Common additions to federal AGI for Illinois purposes include a child’s federally tax-exempt interest and dividend income if reported on federal Form 8814. Distributive shares of additions from partnerships, S corporations, trusts, or estates are also added back. Additionally, certain earnings from 529 college savings plans that were not included in federal AGI may need to be added.

Conversely, Illinois allows several subtractions from federal AGI, including:
Most retirement income, such as pensions, 401(k)s, individual retirement accounts (IRAs), and certain annuities.
Social Security benefits.
Contributions to qualified Illinois college savings accounts and ABLE accounts.
Military pay.
Illinois income tax refunds included in federal AGI for the current tax year.

Completing and Submitting Your Illinois Tax Return

Once an individual determines they are required to file an Illinois income tax return and has calculated their Illinois taxable income, the next step involves completing and submitting the necessary forms. The primary form for individual income tax is Form IL-1040. If an individual is a part-year resident or non-resident, they will also need to complete Schedule NR, the Nonresident and Part-Year Resident Computation of Illinois Tax.

Taxpayers have several options for filing their Illinois return. Electronic filing is widely encouraged through MyTax Illinois, the Illinois Department of Revenue’s (IDOR) online platform, which offers a free and often faster processing experience. Tax preparation software can also facilitate electronic filing. For those who prefer, paper filing remains an option, with forms available for download from the IDOR website.
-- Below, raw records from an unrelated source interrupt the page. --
lemma nn_integral_abs_power_gaussian:
  "(\<integral>\<^sup>+r. ennreal (\<bar>r\<bar>^j * exp (- r\<^sup>2 / 2)) \<partial>lborel) = ennreal (2 * half_gaussian_moment j)"
proof -
  have "(\<integral>\<^sup>+r. ennreal (\<bar>r\<bar>^j * exp (- r\<^sup>2 / 2)) \<partial>lborel)
      = (\<integral>\<^sup>+r. ennreal (sqrt (2*pi)) * ennreal (std_normal_density r * \<bar>r\<bar>^j) \<partial>lborel)"
    by (intro nn_integral_cong) (simp add: std_normal_density_def ennreal_mult[symmetric] field_simps)
  also have "\<dots> = ennreal (sqrt (2*pi)) * (\<integral>\<^sup>+r. ennreal (std_normal_density r * \<bar>r\<bar>^j) \<partial>lborel)"
    by (subst nn_integral_cmult) auto
  also have "(\<integral>\<^sup>+r. ennreal (std_normal_density r * \<bar>r\<bar>^j) \<partial>lborel)
      = ennreal (\<integral>r. std_normal_density r * \<bar>r\<bar>^j \<partial>lborel)"
    by (intro nn_integral_eq_integral integrable_std_normal_moment_abs) auto
  also have "ennreal (sqrt (2*pi)) * ennreal (\<integral>r. std_normal_density r * \<bar>r\<bar>^j \<partial>lborel)
      = ennreal (2 * half_gaussian_moment j)"
  proof -
    have "sqrt 2 * 2 powr (real j / 2) = 2 powr (1/2 + real j / 2)"
      by (simp add: powr_add powr_half_sqrt)
    also have "1/2 + real j / 2 = 1 + (real j - 1) / 2"
      by (simp add: field_simps)
    also have "2 powr (1 + (real j - 1) / 2) = 2 * 2 powr ((real j - 1) / 2)"
      by (simp add: powr_add)
    finally have "sqrt (2*pi) * (2 powr (real j / 2) * Gamma ((real j + 1) / 2) / sqrt pi)
        = 2 * half_gaussian_moment j"
      unfolding half_gaussian_moment_def by (simp add: real_sqrt_mult)
    then show ?thesis
      by (subst ennreal_mult[symmetric]) (simp_all add: std_normal_abs_moment)
  qed
  finally show ?thesis .
qed

lemma nn_integral_half_gaussian_moment:
  "(\<integral>\<^sup>+r. ennreal (r^j * exp (- r\<^sup>2 / 2)) * indicator {0<..} r \<partial>lborel)
    = ennreal (half_gaussian_moment j)"
proof -
  have "2 * (\<integral>\<^sup>+r. ennreal (\<bar>r\<bar>^j * exp (- r\<^sup>2 / 2)) * indicator {0<..} r \<partial>lborel)
      = (\<integral>\<^sup>+r. ennreal (\<bar>r\<bar>^j * exp (- r\<^sup>2 / 2)) \<partial>lborel)"
    by (rule nn_integral_lborel_symmetric[symmetric]) auto
  also have "\<dots> = 2 * ennreal (half_gaussian_moment j)"
    unfolding nn_integral_abs_power_gaussian using half_gaussian_moment_pos[of j] by (simp add: ennreal_mult)
  finally have "(\<integral>\<^sup>+r. ennreal (\<bar>r\<bar>^j * exp (- r\<^sup>2 / 2)) * indicator {0<..} r \<partial>lborel)
      = ennreal (half_gaussian_moment j)"
    by (subst (asm) ennreal_mult_cancel_left) auto
  moreover have "(\<integral>\<^sup>+r. ennreal (r^j * exp (- r\<^sup>2 / 2)) * indicator {0<..} r \<partial>lborel)
      = (\<integral>\<^sup>+r. ennreal (\<bar>r\<bar>^j * exp (- r\<^sup>2 / 2)) * indicator {0<..} r \<partial>lborel)"
    by (intro nn_integral_cong) (auto simp: indicator_def)
  ultimately show ?thesis
    by simp
qed

lemma half_gaussian_moment_ratio:
  assumes "k \<ge> 1"
  shows "sqrt (2/pi) * half_gaussian_moment (k - 1) / half_gaussian_moment k = Beta (real k / 2) (1/2) / pi"
proof -
  define p where "p = 2 powr ((real k - 1) / 2)"
  have "(real (k - 1) - 1) / 2 = (real k - 1) / 2 - 1/2" "(real (k - 1) + 1) / 2 = real k / 2"
    using assms by (simp_all add: of_nat_diff field_simps)
  moreover have "2 powr ((real k - 1) / 2 - 1/2) = p / sqrt 2"
    unfolding p_def by (simp add: powr_diff powr_half_sqrt)
  ultimately have "half_gaussian_moment (k - 1) = p / sqrt 2 * Gamma (real k / 2)"
    unfolding half_gaussian_moment_def by (simp only:)
  moreover have "half_gaussian_moment k = p * Gamma ((real k + 1) / 2)"
    unfolding half_gaussian_moment_def p_def ..
  moreover have "Beta (real k / 2) (1/2) = Gamma (real k / 2) * sqrt pi / Gamma ((real k + 1) / 2)"
    unfolding Beta_def Gamma_one_half_real by (simp add: add_divide_distrib)
  moreover have "sqrt (2/pi) = sqrt 2 / sqrt pi" "pi = sqrt pi * sqrt pi"
    by (simp_all add: real_sqrt_divide)
  moreover have "p > 0" "Gamma ((real k + 1) / 2) > 0"
    unfolding p_def by simp_all
  moreover have "(q / s) * (p / q * G) / (p * G') = G * s / G' / (s * s)"
    if "p > 0" "q > 0" "s > 0" "G' > 0" for p q s G G' :: real
    using that by (simp add: field_simps)
  ultimately show ?thesis
    by (metis real_sqrt_gt_0_iff pi_gt_zero zero_less_numeral)
qed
The deadline for filing the 2024 Illinois income tax return and paying any tax owed is April 15, 2025. If a taxpayer needs more time to file, Illinois grants an automatic six-month extension, pushing the filing deadline to October 15, 2025. It is important to remember that this extension applies only to the filing deadline, not to the payment deadline. Any tax due must still be paid by April 15, 2025, to avoid potential penalties and interest. Payments can be made electronically through MyTax Illinois using Form IL-505-I, Automatic Extension Payment for Individuals.